I’ve come to believe that it is not content that matters most in learning situations but instead it is the experience and it is what that experience invokes in each of us that weighs the heaviest. “I make them take off their shoes and feel the ground” He said. We are so accustomed to walking but how often do we actually take the time and feel what is under our feet? It was brilliant idea. He taught his science by feeling. He had people walk over objects and surfaces and explore what it felt like to the skin on the bottom of their feet. Through this process, he taught about marine life, and forestry and soils all by having people walk across them.

So I thought about this as I walked through the snow, it was so very cold; the idea of taking off my boots was not appealing but even still as the cold seeped through the thin rubber of my boots I thought about the concept of learning with my feet. The tools that we use to teach one another, so many, sometimes on purpose but other times we pass along learning experiences without ever even knowing we’ve done so.

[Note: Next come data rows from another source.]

lemma density_RN_deriv_mixture:
  assumes L: "prob_space L" and \<pi>: "prob_space \<pi>1" "prob_space \<pi>2" "sets \<pi>1 = sets L" "sets \<pi>2 = sets L"
    and t: "0 < t" "t < 1"
    and mix: "\<forall>A\<in>sets L. measure L A = t * measure \<pi>1 A + (1 - t) * measure \<pi>2 A"
  shows "density L (RN_deriv L \<pi>1) = \<pi>1" "density L (RN_deriv L \<pi>2) = \<pi>2"
    and "AE x in L. ennreal t * RN_deriv L \<pi>1 x + ennreal (1 - t) * RN_deriv L \<pi>2 x = 1"
proof -
  interpret L: prob_space L by fact
  have "absolutely_continuous L \<pi>1"
    using t by (intro absolutely_continuous_mixture[OF L \<pi>(1,3) _ _ mix]) simp_all
  then show dens1: "density L (RN_deriv L \<pi>1) = \<pi>1"
    using \<pi> by (intro L.density_RN_deriv) simp_all
  have mix': "\<forall>A\<in>sets L. measure L A = (1 - t) * measure \<pi>2 A + (1 - (1 - t)) * measure \<pi>1 A"
    using mix by simp
  have "absolutely_continuous L \<pi>2"
    using t by (intro absolutely_continuous_mixture[OF L \<pi>(2,4) _ _ mix']) simp_all
  then show dens2: "density L (RN_deriv L \<pi>2) = \<pi>2"
    using \<pi> by (intro L.density_RN_deriv) simp_all
  define g where "g x = ennreal t * RN_deriv L \<pi>1 x + ennreal (1 - t) * RN_deriv L \<pi>2 x" for x
  have "density L g = density L (\<lambda>_. 1)"
  proof (rule measure_eqI)
    fix A assume "A \<in> sets (density L g)"
    then have A: "A \<in> sets L" by simp
    have "emeasure (density L g) A = ennreal t * emeasure \<pi>1 A + ennreal (1 - t) * emeasure \<pi>2 A"
      using emeasure_density_mixture[OF borel_measurable_RN_deriv[of L \<pi>1] borel_measurable_RN_deriv[of L \<pi>2] A,
          where a="ennreal t" and b="ennreal (1 - t)"]
      unfolding g_def dens1 dens2 .
    also have "\<dots> = emeasure L A"
      using emeasure_mixture_iff[OF L \<pi>(1,2), where t=t and A=A] mix A t by simp
    finally show "emeasure (density L g) A = emeasure (density L (\<lambda>_. 1)) A"
      by (simp add: density_1)
  qed simp
  then show "AE x in L. g x = 1"
    by (intro L.density_unique) (simp_all add: g_def[abs_def])
qed

lemma density_decomposition:
  fixes l :: "'a::topological_space measure" and q :: "'a \<Rightarrow> 'b::topological_space"
  assumes l: "borel_prob l" and q: "q \<in> borel_measurable borel"
    and \<pi>: "borel_prob \<pi>1" "borel_prob \<pi>2" and t: "0 < t" "t < 1"
    and mix: "\<forall>A\<in>sets borel. measure (distr l borel q) A = t * measure \<pi>1 A + (1 - t) * measure \<pi>2 A"
  obtains f1 f2 where "f1 \<in> borel_measurable borel" "f2 \<in> borel_measurable borel"
    "distr (density l (\<lambda>w. f1 (q w))) borel q = \<pi>1"
    "distr (density l (\<lambda>w. f2 (q w))) borel q = \<pi>2"
    "\<forall>A\<in>sets l. measure l A = t * measure (density l (\<lambda>w. f1 (q w))) A
        + (1 - t) * measure (density l (\<lambda>w. f2 (q w))) A"
proof -
  define L where "L = distr l borel q"
  define f1 where "f1 = RN_deriv L \<pi>1"
  define f2 where "f2 = RN_deriv L \<pi>2"
  have l': "prob_space l" "sets l = sets borel" and \<pi>': "prob_space \<pi>1" "prob_space \<pi>2"
    "sets \<pi>1 = sets borel" "sets \<pi>2 = sets borel"
    using l \<pi> by (auto simp: borel_prob_def)
  have q_l: "q \<in> l \<rightarrow>\<^sub>M borel"
    using measurable_borel_sets_eq[OF l'(2) q] .
  have sets_L: "sets L = sets borel" and "prob_space L"
    using borel_prob_distr[OF l q] by (auto simp: borel_prob_def L_def)
  note RN = density_RN_deriv_mixture[OF this(2) \<pi>'(1,2), unfolded sets_L, OF \<pi>'(3,4) t,
      folded f1_def f2_def, unfolded L_def, OF mix]
  have f_meas [measurable]: "f1 \<in> borel_measurable borel" "f2 \<in> borel_measurable borel"
    unfolding f1_def f2_def using borel_measurable_RN_deriv measurable_cong_sets[OF sets_L refl] by blast+
  have lift: "distr (density l (\<lambda>w. f1 (q w))) borel q = \<pi>1"
    "distr (density l (\<lambda>w. f2 (q w))) borel q = \<pi>2"
    using density_distr[OF f_meas(1) q_l] density_distr[OF f_meas(2) q_l] RN(1,2) by (simp_all add: L_def)
  have lift_prob: "prob_space (density l (\<lambda>w. f1 (q w)))" "prob_space (density l (\<lambda>w. f2 (q w)))"
    using lift \<pi>' q_l by (auto intro: prob_space_distrD)
  have "AE w in l. ennreal t * f1 (q w) + ennreal (1 - t) * f2 (q w) = 1"
  proof -
    have "{x \<in> space borel. ennreal t * f1 x + ennreal (1 - t) * f2 x = 1} \<in> sets borel"
      by measurable
    then show ?thesis
      using RN(3) by (subst (asm) AE_distr_iff[OF q_l]) simp_all
  qed
  then have l_eq: "l = density l (\<lambda>w. ennreal t * f1 (q w) + ennreal (1 - t) * f2 (q w))"
    using f_meas q_l by (subst density_cong[of _ _ "\<lambda>_. 1"]) (auto simp: density_1)
  have "measure l A = t * measure (density l (\<lambda>w. f1 (q w))) A
        + (1 - t) * measure (density l (\<lambda>w. f2 (q w))) A" if "A \<in> sets l" for A
  proof -
    have "emeasure l A = ennreal t * emeasure (density l (\<lambda>w. f1 (q w))) A
        + ennreal (1 - t) * emeasure (density l (\<lambda>w. f2 (q w))) A"
      by (subst l_eq) (intro emeasure_density_mixture measurable_compose[OF q_l] f_meas that)
    then show ?thesis
      using emeasure_mixture_iff[OF l'(1) lift_prob, where t=t and A=A] t by simp
  qed
  then show ?thesis
    using that[OF f_meas lift] by blast
qed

Tuesday, November 22, 2011

easier through a lens






Beauty comes in many forms. I'm not sure why but sometimes it is much easier to see through a camera lense.



Saturday, November 19, 2011

Making Churchela

 I'd like to lay claim to making the time these days to undergo such a project without an ulterior motive; but alas this not such a project. Turns out adding in a "for fun" 4 credit course is not maybe the best idea when trying to balance out an unusually hectic fall but needless to say a anthropology of food class has provided some interesting learning opportunities. Spending a Sunday afternoon making  Churchela with a group of lovely ladies from my class proved to be quite an experience. Churchela stems from Georgia among other places. The most simplistic explanation: a string of nuts dipped in a condensed grape juice left to dry which creates a sweet, candy-like treat.

I had been on a ankle rolling endeavor to collect the walnuts hidden among the grass in S's front yard and they turned out to come in quite handy for this project. Another one of my churchela comrades collected the end of the season grapes from a neighbors yard. We dug up string and needles and the project commenced. 

We mashed the grapes down in a big pot, bringing it to a boil until the liquid began to thicken. Straining out seeds and skins, we returned the liquid to the pot and put it over low heat until it reduced itself to a near 3rd of what it had been. The meantime found us cracking and stringing walnuts (and attempting hazelnuts...no go- they broke and ended up in bellies instead of on strings)  

When the grape juice was ready, we thickened it ever so slightly more with a handful of flour. The best part then: dipping the strings so they became gooey messes. Finally hanging them to dry for a few days and va-la Churchela. We had four of us working on the project and we figure that we spent somewhere in the realm of four hours to make our ordeal; in reality the project required something like 16 hand hours to make. Probably not something I'd just whip up on a whim but pretty damn cool to see the process through. Our first crack at the time-honored Georgian treat looked not so much like the pictures I pulled up on the internet; we later determined we needed the grape liquid to have reduced even more. Even still, the best part came in the process of making, the wine drinking that paralleled the project and the conversations.

This whole project was brought on by the visit of Ken Albala, a do it yourself food advocate. I picked up his book "the lost art of real cooking" which offers some great recipes that connect the maker back into the process. Albala's Blog covers a whole array of projects and recipes and is more than worth the visit.